13 Nov Do you have the guts to close your business?
Every year, a particular person – we’ll call him B – and I celebrate his birthday by playing hooky from work. He only uses one sick day per year, and it’s for this day. Since he works for “the man,” it is officially called a Mental Health Day. I work for myself, so I call it what it is – hooky. It’s a day to cut loose, have fun and rejuvenate the body and mind. Wait,that is a mental health day!
This year, we went to Dough Pizzeria. I’ve had several business meetings there and always rave to B how incredible the food is. We arrived at 1o:59 A.M. to make sure that we were able to get a table without a long wait. (They open at 11 A.M.) From my meetings there, I know how crowded the place is on any day of the week at lunch or dinner. Our waiter, John, wound up taking care of us for two solid hours of gastronomical heaven.
When the manager came around to check on how we were doing, I took the liberty of asking her about the acquisition of the retail space next door and the planned addition to the restaurant. We talked about how they shut down last December for what was supposed to be a week and turned into two. At that time, they thought they might be able to get the addition done, but the closure turned into contractors planning the new combined space, plus they made necessary repairs to their Italian brick oven.
Did you catch that? They CLOSED for two whole weeks! Isn’t that suicide in the business world? How can anyone possibly close and be expected to not only survive but thrive?

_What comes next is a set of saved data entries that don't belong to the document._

definition Iz :: "int \<Rightarrow> int \<Rightarrow> int \<Rightarrow> int \<Rightarrow> int \<Rightarrow> int \<Rightarrow> quat set" where
  "Iz D N a b a1 b1 =
    (let mul = qmul (of_int D) (- of_int N);
         t = (of_int b1 / of_int (2*a1*N), - 1 / of_int (2*a1*N), 0, 0);
         x1 = mul t (0, 0, of_int a, 0);
         x2 = mul t (of_int N / 2, 0, of_int b / 2, 0);
         y1 = (of_int b / 2, 0, - 1 / 2, 0);
         y2 = (- of_int a, 0, 0, 0)
     in {qadd (qadd (qsc m1 x1) (qsc m2 x2)) (qadd (qsc n1 y1) (qsc n2 y2)) | m1 m2 n1 n2. True})"

definition qomega :: quat where "qomega = (1/2, 0, 1/2, 0)"

section \<open>The field L = Q(sqrt(-N)): p + q sqrt(-N) as pairs\<close>

type_synonym lelt = "rat \<times> rat"

definition lmul :: "int \<Rightarrow> lelt \<Rightarrow> lelt \<Rightarrow> lelt" where
  "lmul N p q = (fst p * fst q - of_int N * snd p * snd q, fst p * snd q + snd p * fst q)"

definition ladd :: "lelt \<Rightarrow> lelt \<Rightarrow> lelt" where
  "ladd p q = (fst p + fst q, snd p + snd q)"

text \<open>omega_L = (1 + sqrt(-N))/2, generating O_L = Z[omega_L] since -N = 1 mod 4.\<close>
definition lomega :: lelt where "lomega = (1/2, 1/2)"

definition Jideal :: "int \<Rightarrow> int \<Rightarrow> lelt set" where
  "Jideal a b = {(of_int m * of_int a + of_int n * of_int b / 2, - of_int n / 2) | m n :: int. True}"

end

theory Submission
  imports Defs
begin

(* Write t = (b1 - u)/(2 a1 N) and identify L = Q(sqrt(-N)) with Q(v) inside B'.
   Since v (b - v)/2 = (N + b v)/2, the generators of I_z give
       I_z = t v J  +  J      (J = a Z + (b - v)/2 Z),
   and B' = t v L (+) L is a direct sum of right L-modules as soon as t is invertible,
   i.e. a1 N <> 0.  The coordinate map  phi : t v l1 + l2 |-> (l1, l2)  is therefore an
   additive injection commuting with right multiplication by (1+v)/2 on one side and with
   multiplication by omega_L = (1 + sqrt(-N))/2 on the other, and it maps I_z onto J x J.
   Stability of I_z under (1+v)/2 then follows by transporting the stability of J x J
   back along the injective map phi. *)

section \<open>Arithmetic in the imaginary quadratic field K\<close>

text \<open>The norm form of \<open>K\<close>; it is multiplicative and, for \<open>D < 0\<close>, anisotropic.
  Hence \<open>K\<close> has no zero divisors, which is all we need about its multiplication.\<close>

definition knorm :: "int \<Rightarrow> kelt \<Rightarrow> rat" where
  "knorm D p = fst p ^ 2 - of_int D * snd p ^ 2"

Dough did it. They have built up enough of a reputation for excellent food and service that people are willing to wait. They don’t have a high turnover of staff, so you get to know the employees there and realize that they’re human and need time off like the rest of us. Who can get upset about that?
They publicize on their website when they will close and also post signs on their door. They let their employees know well ahead of time so that their employees can plan what they want to do during that vacation time. They’ve got routines and systems in place so that closing and re-opening are not big deals.
But what about their lost revenue, you ask? Is it lost revenue if their hiring and training expenses are kept to a minimum because of low turnover? Is it lost revenue if their employees take fewer sick days because they get paid vacations and planned days off throughout the year? Is it lost revenue if their employees are happy – and not burned out – and therefore bring in even more business from word of mouth? Their closures are not lost revenue; they are investments in the future of Dough.
Dough has shown that you can run a business according to your own schedule. You can have time off to reboot. Are you willing to give it a try for at least one day?